(* Let $r:\mathfrak h^*\to\wedge^2\mathfrak g$ be a triangular dynamical $r$-matrix and $\mathfrak g_\lambda=\mathfrak h+r(\lambda)^\#\mathfrak h^\perp$. Then $\dim\mathfrak g_\lambda-\dim\mathfrak h$ is independent of $\lambda\in\mathfrak h^*$ and is an even number (called $\mathrm{rank}\,r$). Moreover the Poisson manifold $(M,\pi)$, $M=\mathfrak h^*\times G$, $\pi=\sum_i\vec{h_i}\wedge\frac{\partial}{\partial\lambda^i}+\vec{r(\lambda)}$, is a regular Poisson manifold whose rank at every point equals $2\dim\mathfrak h+\mathrm{rank}\,r$.
   Context: Let $\mathfrak g$ be a finite-dimensional real Lie algebra and $\mathfrak h\subset\mathfrak g$ an abelian Lie subalgebra of dimension $l$ with basis $h_1,\dots,h_l$; $(\lambda^1,\dots,\lambda^l)$ are the induced linear coordinates on $\mathfrak h^*$. A triangular dynamical $r$-matrix is a smooth map $r:\mathfrak h^*\to\wedge^2\mathfrak g$ with $[h,r(\lambda)]=0$ for all $h\in\mathfrak h$ and $\sum_i h_i\wedge\frac{\partial r}{\partial\lambda^i}+\frac12[r,r]=0$ (Schouten-type bracket on $\wedge^\bullet\mathfrak g$). For $\rho\in\wedge^2\mathfrak g$, $\rho^\#:\mathfrak g^*\to\mathfrak g$ is $\langle\rho^\#\xi,\eta\rangle=\rho(\xi,\eta)$, and $\mathfrak h^\perp\subset\mathfrak g^*$ is the annihilator of $\mathfrak h$. $G$ is a connected Lie group with Lie algebra $\mathfrak g$, $M=\mathfrak h^*\times G$, and $\vec u$ denotes the left-invariant vector/multivector field on $M$ along the $G$-factor generated by $u\in\wedge^\bullet\mathfrak g$ (for $r(\lambda)$, pointwise in $\lambda$). The bivector $\pi$ is Poisson when $r$ is a triangular dynamical $r$-matrix. *)

theory Defs
  imports "HOL-Analysis.Analysis"
begin

text \<open>Finite-dimensional real Lie algebra: the underlying space is real^'n,
  the dual space is identified with real^'n via the dot product.\<close>

definition lie_algebra :: "(real^'n \<Rightarrow> real^'n \<Rightarrow> real^'n) \<Rightarrow> bool" where
  "lie_algebra br \<longleftrightarrow> bilinear br \<and> (\<forall>x y. br x y = - br y x)
     \<and> (\<forall>x y z. br x (br y z) + br y (br z x) + br z (br x y) = 0)"

fun C_k :: "nat \<Rightarrow> ('a::real_normed_vector \<Rightarrow> 'b::real_normed_vector) \<Rightarrow> bool" where
  "C_k 0 f = continuous_on UNIV f"
| "C_k (Suc k) f = (continuous_on UNIV f \<and> (\<forall>x. f differentiable (at x))
      \<and> (\<forall>v. C_k k (\<lambda>x. frechet_derivative f (at x) v)))"

definition smooth_map :: "('a::real_normed_vector \<Rightarrow> 'b::real_normed_vector) \<Rightarrow> bool" where
  "smooth_map f \<longleftrightarrow> (\<forall>k. C_k k f)"

text \<open>Elements of wedge^2 g are represented by antisymmetric matrices R, viewed
  as the skew bilinear form rho(xi,eta) = xi . (R *v eta) on g*.
  Convention: (x wedge y)(xi,eta) = xi(x) eta(y) - xi(y) eta(x).\<close>

definition wedge2 :: "real^'n^'n \<Rightarrow> bool" where
  "wedge2 R \<longleftrightarrow> transpose R = - R"

definition biv :: "real^'n^'n \<Rightarrow> real^'n \<Rightarrow> real^'n \<Rightarrow> real" where
  "biv R \<xi> \<eta> = \<xi> \<bullet> (R *v \<eta>)"

text \<open>rho^#: <rho^# xi, eta> = rho(xi, eta).\<close>
definition sharp :: "real^'n^'n \<Rightarrow> real^'n \<Rightarrow> real^'n" where
  "sharp R \<xi> = transpose R *v \<xi>"

text \<open>Transpose of ad_x acting on g*: <adT x xi, y> = <xi, [x,y]>.\<close>
definition adT :: "(real^'n \<Rightarrow> real^'n \<Rightarrow> real^'n) \<Rightarrow> real^'n \<Rightarrow> real^'n \<Rightarrow> real^'n" where
  "adT br x \<xi> = (\<chi> j. \<xi> \<bullet> br x (axis j 1))"

text \<open>[x, rho] = 0 in wedge^2 g (ad_x extended as a derivation).\<close>
definition ad_commutes :: "(real^'n \<Rightarrow> real^'n \<Rightarrow> real^'n) \<Rightarrow> real^'n \<Rightarrow> real^'n^'n \<Rightarrow> bool" where
  "ad_commutes br x R \<longleftrightarrow>
     (\<forall>\<xi> \<eta>. biv R (adT br x \<xi>) \<eta> + biv R \<xi> (adT br x \<eta>) = 0)"

text \<open>Trivectors are evaluated as alternating trilinear forms on g* with the
  convention (x wedge y wedge z)(xi,eta,zeta) = det. Then
  (x wedge D)(xi,eta,zeta) = xi(x) D(eta,zeta) - eta(x) D(xi,zeta) + zeta(x) D(xi,eta),
  and (1/2)[rho,rho](xi,eta,zeta) = cyclic sum of <xi, [rho^# eta, rho^# zeta]>
  (Schouten bracket extending the Lie bracket).\<close>

definition wedge_vec_biv :: "real^'n \<Rightarrow> real^'n^'n \<Rightarrow> real^'n \<Rightarrow> real^'n \<Rightarrow> real^'n \<Rightarrow> real" where
  "wedge_vec_biv x D \<xi> \<eta> \<zeta> =
     (\<xi> \<bullet> x) * biv D \<eta> \<zeta> - (\<eta> \<bullet> x) * biv D \<xi> \<zeta> + (\<zeta> \<bullet> x) * biv D \<xi> \<eta>"

definition half_schouten :: "(real^'n \<Rightarrow> real^'n \<Rightarrow> real^'n) \<Rightarrow> real^'n^'n
    \<Rightarrow> real^'n \<Rightarrow> real^'n \<Rightarrow> real^'n \<Rightarrow> real" where
  "half_schouten br R \<xi> \<eta> \<zeta> =
     \<xi> \<bullet> br (sharp R \<eta>) (sharp R \<zeta>) + \<eta> \<bullet> br (sharp R \<zeta>) (sharp R \<xi>)
     + \<zeta> \<bullet> br (sharp R \<xi>) (sharp R \<eta>)"

text \<open>Triangular dynamical r-matrix over the abelian subalgebra with basis h,
  with linear coordinates lambda on h* (lambda :: real^'l).\<close>

definition triangular_dynamical_r_matrix ::
  "(real^'n \<Rightarrow> real^'n \<Rightarrow> real^'n) \<Rightarrow> ('l::finite \<Rightarrow> real^'n) \<Rightarrow> (real^'l \<Rightarrow> real^'n^'n) \<Rightarrow> bool" where
  "triangular_dynamical_r_matrix br h r \<longleftrightarrow>
     smooth_map r \<and> (\<forall>lam. wedge2 (r lam))
     \<and> (\<forall>lam i. ad_commutes br (h i) (r lam))
     \<and> (\<forall>lam \<xi> \<eta> \<zeta>.
          (\<Sum>i\<in>UNIV. wedge_vec_biv (h i) (frechet_derivative r (at lam) (axis i 1)) \<xi> \<eta> \<zeta>)
          + half_schouten br (r lam) \<xi> \<eta> \<zeta> = 0)"

definition annih :: "('l \<Rightarrow> real^'n) \<Rightarrow> (real^'n) set" where
  "annih h = {\<xi>. \<forall>i. \<xi> \<bullet> h i = 0}"

definition g_lam :: "('l \<Rightarrow> real^'n) \<Rightarrow> (real^'l \<Rightarrow> real^'n^'n) \<Rightarrow> real^'l \<Rightarrow> (real^'n) set" where
  "g_lam h r lam = {x + y | x y. x \<in> span (range h) \<and> y \<in> sharp (r lam) ` annih h}"

text \<open>The Poisson bivector pi = sum_i h_i^L wedge d/dlambda^i + r(lambda)^L at a point
  (lambda, g) of M = h* x G, read in the left trivialisation
  T_(lambda,g) M = h* x g (i.e. R^l x R^n); its cotangent space is R^l x g*.
  pi((alpha,xi),(beta,eta)) = sum_i (xi(h_i) beta_i - eta(h_i) alpha_i) + r(lambda)(xi,eta).
  pi_sharp is the induced map T* M -> T M, and the rank of pi at the point
  is the dimension of its image.\<close>

definition pi_sharp :: "('l::finite \<Rightarrow> real^'n) \<Rightarrow> (real^'l \<Rightarrow> real^'n^'n) \<Rightarrow> real^'l
    \<Rightarrow> ((real^'l) \<times> (real^'n)) \<Rightarrow> ((real^'l) \<times> (real^'n))" where
  "pi_sharp h r lam p =
     ((\<chi> i. snd p \<bullet> h i), sharp (r lam) (snd p) - (\<Sum>i\<in>UNIV. (fst p $ i) *\<^sub>R h i))"

definition poisson_rank :: "('l::finite \<Rightarrow> real^'n) \<Rightarrow> (real^'l \<Rightarrow> real^'n^'n) \<Rightarrow> real^'l \<Rightarrow> nat" where
  "poisson_rank h r lam = dim (range (pi_sharp h r lam))"

end

theory Submission
  imports Defs
begin

text \<open>
  Write \<open>\<pi>\<^sub>\<lambda>\<close> for the bivector at a point with \<open>\<lambda>\<close>-coordinate \<open>\<lambda>\<close>, read in the left
  trivialisation. Differentiating \<open>\<pi>\<^sub>\<lambda>\<close> in a direction \<open>d\<close> of \<open>\<hh>\<^sup>*\<close> produces
  \<open>\<Sum> d\<^sub>i \<partial>r/\<partial>\<lambda>\<^sup>i\<close>, and the dynamical CYBE says exactly that this is the Lie derivative of
  \<open>\<pi>\<^sub>\<lambda>\<close> along an explicit linear vector field on the cotangent fibre. Integrating that field
  along the segment from \<open>a\<close> to \<open>a + d\<close> gives linear maps \<open>T\<close> with
  \<open>\<pi>\<^sub>a(x, y) = \<pi>\<^sub>a\<^sub>+\<^sub>d(T x, T y)\<close>, so \<open>rank \<pi>\<^sub>a \<le> rank \<pi>\<^sub>a\<^sub>+\<^sub>d\<close>. Short steps work in
  both directions, so the rank is locally constant, hence constant on the connected space
  \<open>\<hh>\<^sup>*\<close>. Finally \<open>rank \<pi>\<^sub>\<lambda> = dim \<hh> + dim \<gg>\<^sub>\<lambda>\<close>, because the image of \<open>\<pi>\<^sup>\<sharp>\<close> is the
  image of \<open>\<hh>\<^sup>* \<times> \<gg>\<^sub>\<lambda>\<close> under an injective linear map, and \<open>rank \<pi>\<^sub>\<lambda>\<close> is even because \<open>\<pi>\<^sub>\<lambda>\<close> is skew; so
  \<open>dim \<gg>\<^sub>\<lambda> - dim \<hh> = rank \<pi>\<^sub>\<lambda> - 2 dim \<hh>\<close> is constant and even.
\<close>

section \<open>Linear algebra\<close>

locale skew_form =
  fixes b :: "'a::euclidean_space \<Rightarrow> 'a \<Rightarrow> real"
  assumes bilinear: "bilinear b"
    and skew: "b x y = - b y x"
begin

lemma linear_left: "linear (\<lambda>x. b x y)" and linear_right: "linear (b x)"
  using bilinear unfolding bilinear_def by auto
lemma gbinomial_cong_0:
  assumes c: "p_integral p c" and "k < p"
    and not_cong: "\<forall>j<p - k. \<not> rat_cong c (- of_nat (Suc j)) p 1"
  shows "rat_cong (c gchoose k) 0 p 1"
proof -
  obtain i where "i < p" and ci: "rat_cong c (of_nat i) p 1"
    using p_integral_cong_residue[OF c] by blast
  have "i < k"
  proof (rule ccontr)
    assume "\<not> i < k"
    have "(c - - of_nat (Suc (p - Suc i))) / of_nat p ^ 1 = (c - of_nat i) / of_nat p ^ 1 + 1"
      using \<open>i < p\<close> prime by (simp add: of_nat_diff field_simps prime_gt_0_nat)
    then have "rat_cong c (- of_nat (Suc (p - Suc i))) p 1"
      using ci prime unfolding rat_cong_def by (simp add: p_integral_add)
    moreover have "p - Suc i < p - k" using \<open>\<not> i < k\<close> \<open>i < p\<close> by simp
    ultimately show False using not_cong by blast
  qed
  have "c gchoose k
      = (inverse (fact k) * (\<Prod>j\<in>{0..<k} - {i}. c - of_nat j)) * (c - of_nat i)"
    using gbinomial_mult_fact[of k c] prod.remove[of "{0..<k}" i "\<lambda>j. c - of_nat j"]
      \<open>i < k\<close>
    by (simp add: field_simps)
  moreover have "p_integral p (inverse (fact k))"
    using p_integral_inverse_of_nat[of p "fact k"] prime \<open>k < p\<close>
    by (simp add: prime_dvd_fact_iff)
  moreover have "p_integral p (\<Prod>j\<in>{0..<k} - {i}. c - of_nat j)"
    using prime c by (intro p_integral_prod p_integral_diff) simp_all
  ultimately show ?thesis
    using ci prime by (metis rat_cong_0_mult_left p_integral_mult rat_cong_iff_diff)
qed

lemma A_seq_cong_0_cube:
  assumes a: "p_integral p a" and "n < p" "p \<le> 2 * n"
    and not_cong:
      "\<forall>j<p - n. \<not> rat_cong a (of_nat j) p 1 \<and> \<not> rat_cong a (- of_nat (Suc j)) p 1"
  shows "rat_cong (A_seq a n) 0 p 3"
proof -
  have "rat_cong (a gchoose n) 0 p 1"
    using gbinomial_cong_0 a \<open>n < p\<close> not_cong by blast
  moreover have "rat_cong ((-1 - a) gchoose n) 0 p 1"
  proof (rule gbinomial_cong_0)
    show "p_integral p (-1 - a)" using prime a by (simp add: p_integral_diff)
    have "rat_cong (-1 - a) (- of_nat (Suc j)) p 1 \<longleftrightarrow> rat_cong a (of_nat j) p 1" for j
    proof -
      have "(-1 - a - - of_nat (Suc j)) / of_nat p ^ 1 = - ((a - of_nat j) / of_nat p ^ 1)"
        by (simp add: minus_divide_left)
      then show ?thesis unfolding rat_cong_def by simp
    qed
    then show "\<forall>j<p - n. \<not> rat_cong (-1 - a) (- of_nat (Suc j)) p 1"
      using not_cong by blast
  qed (use \<open>n < p\<close> in simp)
  moreover have "rat_cong (of_nat ((2 * n) choose n)) 0 p 1"
    using prime assms(2,3) by (intro rat_cong_0_of_nat prime_dvd_central_binomial)
  ultimately have "rat_cong (A_seq a n) 0 p (1 + 1 + 1)"
    unfolding A_seq_def using prime by (intro rat_cong_0_mult)
  then show ?thesis by (simp add: numeral_3_eq_3)
qed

-.-.-

#### [Your objective]
Send back an exact copy of only the lines from the line with "Write \<open>\<pi>\<^sub>\<lambda>\<close> for" up to and including the line with "Lie derivative of" in the data above.

#### [Solution for this exercise]
  Write \<open>\<pi>\<^sub>\<lambda>\<close> for the bivector at a point with \<open>\<lambda>\<close>-coordinate \<open>\<lambda>\<close>, read in the left
  trivialisation. Differentiating \<open>\<pi>\<^sub>\<lambda>\<close> in a direction \<open>d\<close> of \<open>\<hh>\<^sup>*\<close> produces
  \<open>\<Sum> d\<^sub>i \<partial>r/\<partial>\<lambda>\<^sup>i\<close>, and the dynamical CYBE says exactly that this is the Lie derivative of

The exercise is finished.